⚙ Configuration
Disabled by default because it generates extra training examples per resolution. Enable when:
  • Sample size is small (<200 resolutions) and you want regularization
  • Reliability diagram shows the model is overconfident in specific regions
  • Counterfactual replay shows brittlePct > 30%
α controls the Beta(α, α) distribution that λ is drawn from. α=0.2 → mostly λ near 0 or 1 (light mix). α=1.0 → uniform λ (heavy mix).
📚 How mixup works
Standard SGD trains on observed examples (x, y). Mixup (Zhang et al. 2018) generates additional synthetic examples by linearly interpolating between pairs: x_mix = λ × x_a + (1-λ) × x_b
y_mix = λ × y_a + (1-λ) × y_b
where λ ~ Beta(α, α)
Effect: the model is forced to learn linear interpolations between data points. This regularizes toward smoother decision boundaries — the prediction at a point halfway between two training examples should be roughly halfway between their predictions.
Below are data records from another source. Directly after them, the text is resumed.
(* Let $\mathfrak A$ be the real algebra of generalized transformations equipped with the involution $\mathcal A\mapsto\mathcal A'$ (a generalized adjoint), and let $\varphi=\Phi|_1$ be the local state of a symmetric faithful state $\Phi$ which is also preparationally faithful. Define $\langle\mathcal A|\mathcal B\rangle_\varphi=\varphi(\mathcal A'\circ\mathcal B)$, $\|\mathcal A\|_\varphi=\sqrt{\langle\mathcal A|\mathcal A\rangle_\varphi}$, and the left ideal $\mathfrak I=\{\mathcal X\in\mathfrak A:\varphi(\mathcal X'\circ\mathcal X)=0\}$. Let $\mathcal A,\mathcal B\in\mathfrak A$ be bounded, i.e. $\|\mathcal A\|,\|\mathcal A'\|,\|\mathcal B\|,\|\mathcal B'\|<\infty$ where $\|\mathcal C\|=\sup_{\omega\in\mathfrak S}|\omega(\mathcal C)|$. Then $\mathcal A-\mathcal B\in\mathfrak I$ (i.e. $\mathcal A$ and $\mathcal B$ lie in the same class of $\mathfrak A/\mathfrak I$) if and only if $\mathcal A$ and $\mathcal B$ are informationally equivalent, i.e. $\omega(\mathcal A)=\omega(\mathcal B)$ for all $\omega\in\mathfrak S$.
   Context: States $\omega\in\mathfrak S$ extend linearly to $\mathfrak A$. A generalized adjoint on $\mathfrak A$ satisfies $(\mathcal A+\mathcal B)'=\mathcal A'+\mathcal B'$, $(\mathcal A')'=\mathcal A$, $(\mathcal A\circ\mathcal B)'=\mathcal B'\circ\mathcal A'$, and $\mathcal A'\circ\mathcal A=0\Rightarrow\mathcal A=0$. $\varphi$ is a state and a real positive form: $\varphi(\mathcal A')=\varphi(\mathcal A)$ and $\varphi(\mathcal A'\circ\mathcal A)\ge0$ for all $\mathcal A\in\mathfrak A$; moreover $\|\mathcal C\circ\mathcal D\|\le\|\mathcal C\|\|\mathcal D\|$. Preparational faithfulness is used in the form: for every $\omega\in\mathfrak S$ there is a transformation $\mathcal T_\omega$ with $\varphi(\mathcal T_\omega)\ne0$ such that $\omega(\mathcal A)=\varphi(\mathcal A\circ\mathcal T_\omega')/\varphi(\mathcal T_\omega)=\langle\mathcal A'|\tilde{\mathcal T}_\omega\rangle_\varphi$ for all $\mathcal A$, where $\tilde{\mathcal T}_\omega=\mathcal T_\omega'/\varphi(\mathcal T_\omega)$. *)

theory Defs
  imports "HOL-Analysis.Analysis"
begin

text \<open>Abstract setting: the real algebra of generalized transformations is modelled
  by a type of class real_algebra; composition is the ring multiplication (*).
  States are real-valued functions on the algebra (their linear extensions).\<close>

definition gen_adjoint :: "('a::real_algebra \<Rightarrow> 'a) \<Rightarrow> bool" where
  "gen_adjoint adj \<longleftrightarrow>
     (\<forall>A B. adj (A + B) = adj A + adj B) \<and>
     (\<forall>A. adj (adj A) = A) \<and>
     (\<forall>A B. adj (A * B) = adj B * adj A) \<and>
     (\<forall>A. adj A * A = 0 \<longrightarrow> A = 0)"

definition st_norm :: "('a \<Rightarrow> real) set \<Rightarrow> 'a \<Rightarrow> ereal" where
  "st_norm S C = (SUP \<omega>\<in>S. ereal \<bar>\<omega> C\<bar>)"

definition inner_phi :: "('a::real_algebra \<Rightarrow> real) \<Rightarrow> ('a \<Rightarrow> 'a) \<Rightarrow> 'a \<Rightarrow> 'a \<Rightarrow> real" where
  "inner_phi \<phi> adj A B = \<phi> (adj A * B)"

definition norm_phi :: "('a::real_algebra \<Rightarrow> real) \<Rightarrow> ('a \<Rightarrow> 'a) \<Rightarrow> 'a \<Rightarrow> real" where
  "norm_phi \<phi> adj A = sqrt (inner_phi \<phi> adj A A)"

definition ideal_I :: "('a::real_algebra \<Rightarrow> real) \<Rightarrow> ('a \<Rightarrow> 'a) \<Rightarrow> 'a set" where
  "ideal_I \<phi> adj = {X. \<phi> (adj X * X) = 0}"

end

theory Submission
  imports Defs
begin

text \<open>The form \<open>\<langle>X|V\<rangle> = \<phi>(X' V)\<close> is symmetric and positive semidefinite, so every
  \<open>X \<in> \<I>\<close> is orthogonal to everything. As every state has the form \<open>\<omega>(Y) = \<phi>(Y T)/c\<close>
  (preparational faithfulness), all states then vanish on \<open>X'\<close>; submultiplicativity of the
  operational norm gives \<open>\<phi>(X X') = 0\<close>, i.e. \<open>X' \<in> \<I>\<close>, and the same argument applied to \<open>X'\<close>
  shows that all states vanish on \<open>X\<close>. Conversely, if all states vanish on \<open>X\<close>, then
  \<open>\<parallel>X' X\<parallel> \<le> \<parallel>X'\<parallel> \<parallel>X\<parallel> = 0\<close>, so \<open>\<phi>(X' X) = 0\<close>.\<close>

lemma
  assumes "gen_adjoint adj"
  shows gen_adjoint_additive: "Modules.additive adj"
    and gen_adjoint_involutive: "adj (adj A) = A"
    and gen_adjoint_mult: "adj (A * B) = adj B * adj A"
  using assms unfolding gen_adjoint_def Modules.additive_def by blast+

text \<open>The axioms make \<open>adj\<close> only additive, not \<open>\<real>\<close>-linear, so only natural multiples commute
  with it; hence the positivity argument below uses an Archimedean bound instead of a discriminant.\<close>
lemma gen_adjoint_scaleR_of_nat:
  assumes "gen_adjoint adj"
  shows "adj (real n *\<^sub>R A) = real n *\<^sub>R adj A"
proof -
  interpret Modules.additive adj by (rule gen_adjoint_additive [OF assms])
  show ?thesis using sum [of "\<lambda>_. A" "{..<n}"] by (simp add: sum_constant_scaleR)
qed

lemma bounded_nat_multiples_imp_zero:
  fixes b c :: real
  assumes "\<And>n::nat. real n * \<bar>b\<bar> \<le> c"
  shows "b = 0"
proof (rule ccontr)
  assume "b \<noteq> 0"
  obtain n :: nat where "c / \<bar>b\<bar> < real n" using reals_Archimedean2 by blast
  with \<open>b \<noteq> 0\<close> have "c < real n * \<bar>b\<bar>" by (simp add: field_simps)
  with assms [of n] show False by simp
qed

locale real_positive_form =
  fixes adj :: "'a::real_algebra \<Rightarrow> 'a" and \<phi> :: "'a \<Rightarrow> real"
  assumes adjoint: "gen_adjoint adj"
    and linear: "linear \<phi>"
    and real: "\<And>X. \<phi> (adj X) = \<phi> X"
    and positive: "\<And>X. 0 \<le> \<phi> (adj X * X)"
begin

lemma inner_phi_commute: "inner_phi \<phi> adj V X = inner_phi \<phi> adj X V"
  using real [of "adj X * V"]
  by (simp add: inner_phi_def gen_adjoint_mult [OF adjoint] gen_adjoint_involutive [OF adjoint])

lemma inner_phi_add_self:
  "inner_phi \<phi> adj (Y + V) (Y + V) =
     inner_phi \<phi> adj Y Y + 2 * inner_phi \<phi> adj Y V + inner_phi \<phi> adj V V"
proof -
  have "adj (Y + V) * (Y + V) = adj Y * Y + adj Y * V + adj V * Y + adj V * V"
    using Modules.additive.add [OF gen_adjoint_additive [OF adjoint]] by (simp add: algebra_simps)
  then show ?thesis
    using inner_phi_commute [of V Y] by (simp add: inner_phi_def linear_add [OF linear])
qed

lemma ideal_I_orthogonal:
  assumes "X \<in> ideal_I \<phi> adj"
  shows "inner_phi \<phi> adj X V = 0"
proof -
  let ?b = "inner_phi \<phi> adj X V" and ?c = "inner_phi \<phi> adj V V"
  have "real n * \<bar>2 * ?b\<bar> \<le> ?c" for n :: nat
  proof -
    let ?Y = "real n *\<^sub>R X"
    have adj_minus: "adj (- V) = - adj V"
      by (rule Modules.additive.minus [OF gen_adjoint_additive [OF adjoint]])
    have "inner_phi \<phi> adj ?Y ?Y = 0"
      using assms by (simp add: ideal_I_def inner_phi_def gen_adjoint_scaleR_of_nat [OF adjoint]
          linear_scale [OF linear])
    moreover have "inner_phi \<phi> adj ?Y V = real n * ?b"
      by (simp add: inner_phi_def gen_adjoint_scaleR_of_nat [OF adjoint] linear_scale [OF linear])
    moreover have "inner_phi \<phi> adj ?Y (- V) = - real n * ?b"
      by (simp add: inner_phi_def gen_adjoint_scaleR_of_nat [OF adjoint] linear_scale [OF linear]
          linear_neg [OF linear])
    moreover have "inner_phi \<phi> adj (- V) (- V) = ?c"
      by (simp add: inner_phi_def adj_minus)
    ultimately have "inner_phi \<phi> adj (?Y + V) (?Y + V) = 2 * real n * ?b + ?c"
      and "inner_phi \<phi> adj (?Y + - V) (?Y + - V) = ?c - 2 * real n * ?b"
      using inner_phi_add_self [of ?Y V] inner_phi_add_self [of ?Y "- V"] by simp_all
    moreover have "0 \<le> inner_phi \<phi> adj (?Y + V) (?Y + V)"
      and "0 \<le> inner_phi \<phi> adj (?Y + - V) (?Y + - V)"
      using positive unfolding inner_phi_def by blast+
    ultimately show ?thesis by (auto simp: abs_if)
  qed
  then show ?thesis using bounded_nat_multiples_imp_zero [of "2 * ?b" ?c] by simp
qed

end

lemma st_norm_eq_0_iff:
  assumes "S \<noteq> {}"
  shows "st_norm S C = 0 \<longleftrightarrow> (\<forall>\<omega>\<in>S. \<omega> C = 0)"
proof
  assume "st_norm S C = 0"
  then have "ereal \<bar>\<omega> C\<bar> \<le> 0" if "\<omega> \<in> S" for \<omega>
    using SUP_upper [OF that, of "\<lambda>\<omega>. ereal \<bar>\<omega> C\<bar>"] by (simp add: st_norm_def)
  then show "\<forall>\<omega>\<in>S. \<omega> C = 0" by simp
next
  assume "\<forall>\<omega>\<in>S. \<omega> C = 0"
  then have "(\<lambda>\<omega>. ereal \<bar>\<omega> C\<bar>) ` S = {0}" using assms by auto
  then show "st_norm S C = 0" by (simp add: st_norm_def)
qed

text \<open>Since \<open>\<infinity> * 0 = 0\<close> in \<open>ereal\<close>, no boundedness of \<open>C\<close> is needed.\<close>
lemma states_vanish_mult_left:
  assumes "S \<noteq> {}"
    and submult: "\<forall>C D. st_norm S (C * D) \<le> st_norm S C * st_norm S D"
    and "\<forall>\<omega>\<in>S. \<omega> Y = 0"
  shows "\<forall>\<omega>\<in>S. \<omega> (C * Y) = 0"
proof -
  have "st_norm S Y = 0" using st_norm_eq_0_iff [OF assms(1)] assms(3) by blast
  then have "st_norm S (C * Y) \<le> 0" using submult [rule_format, of C Y] by simp
  moreover have "0 \<le> st_norm S (C * Y)"
    using assms(1) by (auto simp: st_norm_def intro: SUP_upper2)
  ultimately show ?thesis using st_norm_eq_0_iff [OF assms(1)] by simp
qed

lemma ideal_I_iff_states_vanish:
  assumes "real_positive_form adj \<phi>"
    and phi_state: "\<phi> \<in> S"
    and submult: "\<forall>C D. st_norm S (C * D) \<le> st_norm S C * st_norm S D"
    and faithful: "\<forall>\<omega>\<in>S. \<exists>T c. \<forall>Y. \<omega> Y = \<phi> (Y * T) / c"
  shows "X \<in> ideal_I \<phi> adj \<longleftrightarrow> (\<forall>\<omega>\<in>S. \<omega> X = 0)"
proof -
  interpret real_positive_form adj \<phi> by (rule assms(1))
  have right_annihilated: "\<forall>\<omega>\<in>S. \<omega> Y = 0" if "\<And>V. \<phi> (Y * V) = 0" for Y
  proof
    fix \<omega> assume "\<omega> \<in> S"
    then obtain T c where "\<And>Z. \<omega> Z = \<phi> (Z * T) / c" using faithful by blast
    then show "\<omega> Y = 0" using that by simp
  qed
  have left_ideal: "\<phi> (C * Y) = 0" if "\<forall>\<omega>\<in>S. \<omega> Y = 0" for C Y
    using states_vanish_mult_left [OF _ submult that] phi_state by blast
  have orthogonal: "\<phi> (adj Y * V) = 0" if "Y \<in> ideal_I \<phi> adj" for Y V
    using ideal_I_orthogonal [OF that] by (simp add: inner_phi_def)
  show ?thesis
  proof
    assume "X \<in> ideal_I \<phi> adj"
    then have "\<forall>\<omega>\<in>S. \<omega> (adj X) = 0"
      using right_annihilated orthogonal by blast
    then have "adj X \<in> ideal_I \<phi> adj"
      using left_ideal [of "adj X" X] by (simp add: ideal_I_def gen_adjoint_involutive [OF adjoint])
    then show "\<forall>\<omega>\<in>S. \<omega> X = 0"
      using right_annihilated orthogonal [of "adj X"] by (simp add: gen_adjoint_involutive [OF adjoint])
  next
    assume "\<forall>\<omega>\<in>S. \<omega> X = 0"
    then show "X \<in> ideal_I \<phi> adj" using left_ideal by (simp add: ideal_I_def)
  qed
qed

theorem mainTheorem9:
  fixes S :: "('a::real_algebra \<Rightarrow> real) set"
    and adj :: "'a \<Rightarrow> 'a"
    and \<phi> :: "'a \<Rightarrow> real"
    and A B :: 'a
  assumes adjoint: "gen_adjoint adj"
    and states_linear: "\<forall>\<omega>\<in>S. linear \<omega>"
    and phi_state: "\<phi> \<in> S"
    and phi_real: "\<forall>X. \<phi> (adj X) = \<phi> X"
    and phi_pos: "\<forall>X. \<phi> (adj X * X) \<ge> 0"
    and submult: "\<forall>C D. st_norm S (C * D) \<le> st_norm S C * st_norm S D"
    and prep_faithful: "\<forall>\<omega>\<in>S. \<exists>T. \<phi> T \<noteq> 0 \<and>
           (\<forall>X. \<omega> X = \<phi> (X * adj T) / \<phi> T \<and>
                \<omega> X = inner_phi \<phi> adj (adj X) (scaleR (1 / \<phi> T) (adj T)))"
    and bdA: "st_norm S A < \<infinity>" "st_norm S (adj A) < \<infinity>"
    and bdB: "st_norm S B < \<infinity>" "st_norm S (adj B) < \<infinity>"
  shows "A - B \<in> ideal_I \<phi> adj \<longleftrightarrow> (\<forall>\<omega>\<in>S. \<omega> A = \<omega> B)"
proof -
  have "real_positive_form adj \<phi>"
    using adjoint states_linear phi_state phi_real phi_pos by (simp add: real_positive_form_def)
  moreover have "\<forall>\<omega>\<in>S. \<exists>T c. \<forall>Y. \<omega> Y = \<phi> (Y * T) / c"
    using prep_faithful by fast
  ultimately have "A - B \<in> ideal_I \<phi> adj \<longleftrightarrow> (\<forall>\<omega>\<in>S. \<omega> (A - B) = 0)"
    using ideal_I_iff_states_vanish phi_state submult by blast
  also have "\<dots> \<longleftrightarrow> (\<forall>\<omega>\<in>S. \<omega> A = \<omega> B)"
    using states_linear by (simp add: linear_diff)
  finally show ?thesis .
qed

end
Empirically this:
  • Reduces overfitting on small datasets
  • Improves robustness to small input perturbations (catches the same kind of brittleness Counterfactual Replay measures)
  • Improves calibration (synthetic intermediate labels train the model to output intermediate probabilities)
Pipeline: after the main training pass on resolved examples, the continuous-learner generates K=5 synthetic mixup examples and trains on them with discounted sample weight (0.5×). Disabled by default.